Improving Cash Flow for Businesses
While access to cash flow and faster payments may not be as significant to large, well-funded corporate organizations, it is very meaningful to small and medium-sized businesses. Small business owners pay higher interest rates because of their heightened risk portfolio, making cash flow a priority at all times.
By looking to card programs, electronic bill pay systems, supply chain financing, and other programs, these businesses can benefit by taking advantage of differences in costs among transaction players.
Bill Pay Exchange
Fortunately for small and mid-sized businesses, there are ample digital payment tools available, many of which are fueled by Mastercard capabilities in corporate cards, automated payables, bill pay, and supply chain finance.
One such tool, the Mastercard Bill Pay Exchange, enhances online bank bill pay and offers a simple and convenient bill pay experience for consumers. Consumers can go to the place they trust most–their bank–to easily set up billers, receive a bill, see bill details, and manage multiple bills in one place, including specifying when and how much to pay.. That same digital site can contain budgeting tools, which are particularly useful at a time when consumers and small business owners are struggling financially and putting some extra focus on budgeting and cash flow.
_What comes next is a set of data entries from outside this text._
lemma is_path_appendD:
  "is_path E (xs @ ys) \<Longrightarrow> xs \<noteq> [] \<Longrightarrow> is_path E xs"
  "is_path E (xs @ ys) \<Longrightarrow> ys \<noteq> [] \<Longrightarrow> is_path E ys"
  unfolding is_path_iff_successively by (auto simp: successively_append_iff)

lemma cycle_comp_rotate_path:
  assumes "cycle_comp E p" "y \<in> set p"
  shows "\<exists>q. is_path E q \<and> set q = set p \<and> hd q = y"
proof -
  obtain c where c: "distinct c" "set c = set p" "successively E c" "E (last c) (hd c)"
    using assms(1) unfolding cycle_comp_def successively_conv_nth by blast
  obtain c1 c2 where c_split: "c = c1 @ y # c2"
    using assms(2) c(2) by (metis split_list)
  show ?thesis
  proof (cases "c1 = []")
    case True
    then show ?thesis using c c_split by (auto simp: is_path_iff_successively)
  next
    case False
    have "successively E c1" "successively E (y # c2)"
      using c(3) unfolding c_split successively_append_iff by simp_all
    moreover have "E (last (y # c2)) (hd c1)"
      using c(4) False unfolding c_split by simp
    ultimately have "successively E ((y # c2) @ c1)"
      by (subst successively_append_iff) simp
    moreover have "distinct (y # c2 @ c1)" "set (y # c2 @ c1) = set p"
      using c(1,2) c_split by auto
    ultimately show ?thesis by (intro exI[of _ "y # c2 @ c1"]) (simp add: is_path_iff_successively)
  qed
qed

lemma consecutive_on_commute: "consecutive_on p u v \<longleftrightarrow> consecutive_on p v u"
  unfolding consecutive_on_def by blast

lemma consecutive_on_append: "consecutive_on (xs @ [u, v] @ ys) u v"
  unfolding consecutive_on_def by (intro exI[of _ "length xs"]) (simp add: nth_append)

lemma consecutive_on_split:
  assumes "consecutive_on p u v"
  obtains xs ys where "p = xs @ [u, v] @ ys \<or> p = xs @ [v, u] @ ys"
proof -
  obtain i where i: "Suc i < length p" "(p ! i = u \<and> p ! Suc i = v) \<or> (p ! i = v \<and> p ! Suc i = u)"
    using assms unfolding consecutive_on_def by blast
  have "p = take i p @ [p ! i, p ! Suc i] @ drop (Suc (Suc i)) p"
    using i(1) by (simp add: Cons_nth_drop_Suc)
  with i(2) show ?thesis using that[of "take i p" "drop (Suc (Suc i)) p"] by auto
qed

lemma consecutive_on_split_oriented:
  assumes "consecutive_on p u v"
  obtains xs ys where "xs @ [u, v] @ ys \<in> {p, rev p}"
proof -
  obtain xs ys where "p = xs @ [u, v] @ ys \<or> p = xs @ [v, u] @ ys"
    using assms by (rule consecutive_on_split)
  then show ?thesis
  proof
    assume "p = xs @ [u, v] @ ys"
    then show ?thesis
      using that[of xs ys] by simp
  next
    assume "p = xs @ [v, u] @ ys"
    then show ?thesis
      using that[of "rev ys" "rev xs"] by simp
  qed
qed

lemma consecutive_on_rev: "consecutive_on (rev p) u v \<longleftrightarrow> consecutive_on p u v"
proof -
  have "consecutive_on (rev p) u v" if uv: "consecutive_on p u v" for p
  proof -
    obtain xs ys where "p = xs @ [u, v] @ ys \<or> p = xs @ [v, u] @ ys"
      using uv by (rule consecutive_on_split)
    then have "rev p = rev ys @ [v, u] @ rev xs \<or> rev p = rev ys @ [u, v] @ rev xs"
      by auto
    then show ?thesis using consecutive_on_append consecutive_on_commute by metis
  qed
  then show ?thesis by (metis rev_rev_ident)
qed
Accelerating Digitization with Fintech Relationships
By partnering with fintechs to leverage technology, banks will have the capabilities needed to better serve their customers. Fintechs often offer unique digital solutions that give consumers and businesses choices of where, when, and how they want to pay.
Shultz offered two examples of how Mastercard has worked with fintechs to accelerate the race to digitize and better serve its customers:
- AvidXchange: Mastercard partnered with AvidXchange, a leading fintech in the accounts payable automation space, in 2017 to give businesses the ability to automate the payables process, and capture data to streamline reconciliation.
- Transactis: Mastercard acquired Transactis, which builds and hosts bill payments sites for small and mid-sized B2B and B2C companies, in 2019 to give consumers an easy online space to view and pay bills.
The Takeaway
There is no better time than now for businesses to focus on the digital payment tools available to them. The New Payment Flows team at Mastercard has a suite of B2B technology solutions that help corporates, financial institutions and billers digitize payments, maintain cash flow and create efficiencies in account receivable, account payable and billing processes during and after COVID-19.